Economic Consequences of Severe Weather Events

# Summarize economic damages by event type
economic_impact <- data %>%
        group_by(EVTYPE) %>%
        summarize(TOTAL_PROPDMG = sum(TOTAL_PROPDMG, na.rm = TRUE),
                  TOTAL_CROPDMG = sum(TOTAL_CROPDMG, na.rm = TRUE)) %>%
        arrange(desc(TOTAL_PROPDMG), desc(TOTAL_CROPDMG))

# Select top 10 events for economic damage
top_economic_events <- head(economic_impact, 10)

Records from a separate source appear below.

lemma expectation_affine_square:
  fixes Z :: "'a \<Rightarrow> real"
  assumes "integrable M Z" and "integrable M (\<lambda>\<omega>. (Z \<omega>)\<^sup>2)"
  shows "expectation (\<lambda>\<omega>. (a * Z \<omega> + b)\<^sup>2) = a\<^sup>2 * variance Z + (a * expectation Z + b)\<^sup>2"
  using assms by (simp add: variance_eq power2_sum prob_space algebra_simps)

lemma shrinkage_quad_form_risk:
  fixes A :: "'a \<Rightarrow> real^'n^'n" and \<gamma> :: "real^'n"
  defines "Q \<equiv> \<lambda>\<omega>. \<gamma> \<bullet> (A \<omega> *v \<gamma>)"
  assumes "integrable M Q" and "integrable M (\<lambda>\<omega>. (Q \<omega>)\<^sup>2)"
  shows "expectation (\<lambda>\<omega>. (\<gamma> \<bullet> (((\<rho> * \<mu>) *\<^sub>R mat 1 + (1 - \<rho>) *\<^sub>R A \<omega>) *v \<gamma>) - c)\<^sup>2)
           = (1 - \<rho>)\<^sup>2 * variance Q + ((1 - \<rho>) * expectation Q + \<rho> * \<mu> * (\<gamma> \<bullet> \<gamma>) - c)\<^sup>2"
  using expectation_affine_square[OF assms(2,3), of "1 - \<rho>" "\<rho> * \<mu> * (\<gamma> \<bullet> \<gamma>) - c"]
  unfolding quad_form_shrinkage Q_def by (simp add: algebra_simps)

lemma quad_form_sample_cov_moments:
  assumes "1 \<le> T" and normal: "\<forall>t \<in> {1..T}. mvn0 M (Y t) Sig"
    and pos: "0 < \<gamma> \<bullet> (Sig *v \<gamma>)"
  defines "Z \<equiv> \<lambda>\<omega>. \<gamma> \<bullet> (sample_cov T (\<lambda>t. Y t \<omega>) *v \<gamma>)"
  shows "integrable M Z" and "integrable M (\<lambda>\<omega>. (Z \<omega>)\<^sup>2)"
    and "expectation Z = \<gamma> \<bullet> (Sig *v \<gamma>)" and "0 < variance Z"
proof -
  let ?\<sigma> = "sqrt (\<gamma> \<bullet> (Sig *v \<gamma>))"
  have \<sigma>: "0 < ?\<sigma>" using pos by simp
  have D: "distributed M lborel (\<lambda>\<omega>. \<gamma> \<bullet> Y t \<omega>) (\<lambda>x. ennreal (normal_density 0 ?\<sigma> x))"
    if "t \<in> {1..T}" for t
    using mvn0_inner_distributed[OF bspec[OF normal that] pos] .
  have Z: "Z = (\<lambda>\<omega>. (1 / real T) * (\<Sum>t = 1..T. (\<gamma> \<bullet> Y t \<omega>)\<^sup>2))"
    by (simp add: Z_def quad_form_sample_cov)
  show "integrable M Z" and "integrable M (\<lambda>\<omega>. (Z \<omega>)\<^sup>2)"
    unfolding Z using integrable_mean_of_normal_squares[OF \<sigma> D] by auto
  show "expectation Z = \<gamma> \<bullet> (Sig *v \<gamma>)"
    unfolding Z using expectation_mean_of_normal_squares[OF \<open>1 \<le> T\<close> \<sigma> D] pos by simp
  show "0 < variance Z"
    unfolding Z using variance_mean_of_normal_squares_pos[OF \<open>1 \<le> T\<close> \<sigma> D] by simp
qed

end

# Divide total damages by 1e6 to convert to millions
top_economic_events$TOTAL_PROPDMG <- top_economic_events$TOTAL_PROPDMG / 1e6
top_economic_events$TOTAL_CROPDMG <- top_economic_events$TOTAL_CROPDMG / 1e6

# Create a plot for economic damage
ggplot(top_economic_events, aes(x = reorder(EVTYPE, TOTAL_PROPDMG))) +
        geom_col(aes(y = TOTAL_PROPDMG, fill = "Property Damage"), alpha = 0.5) +
        geom_col(aes(y = TOTAL_CROPDMG, fill = "Crop Damage"), alpha = 0.5) +
        labs(title = "Top 10 Weather Events by Economic Damage",
             x = "Event Type",
             y = "Total Damage (Millions USD)",
             fill = "Damage Type") +
        scale_fill_manual(values = c("Property Damage" = "green", "Crop Damage" = "orange")) +
        coord_flip() +
        theme(plot.title = element_text(hjust = 0.5))

Conclusion

This analysis identifies tornadoes as the most harmful severe weather events in terms of public health, resulting in the highest number of fatalities and injuries. In contrast, floods emerge as the severe weather events with the greatest economic consequences, causing significant property and crop damage.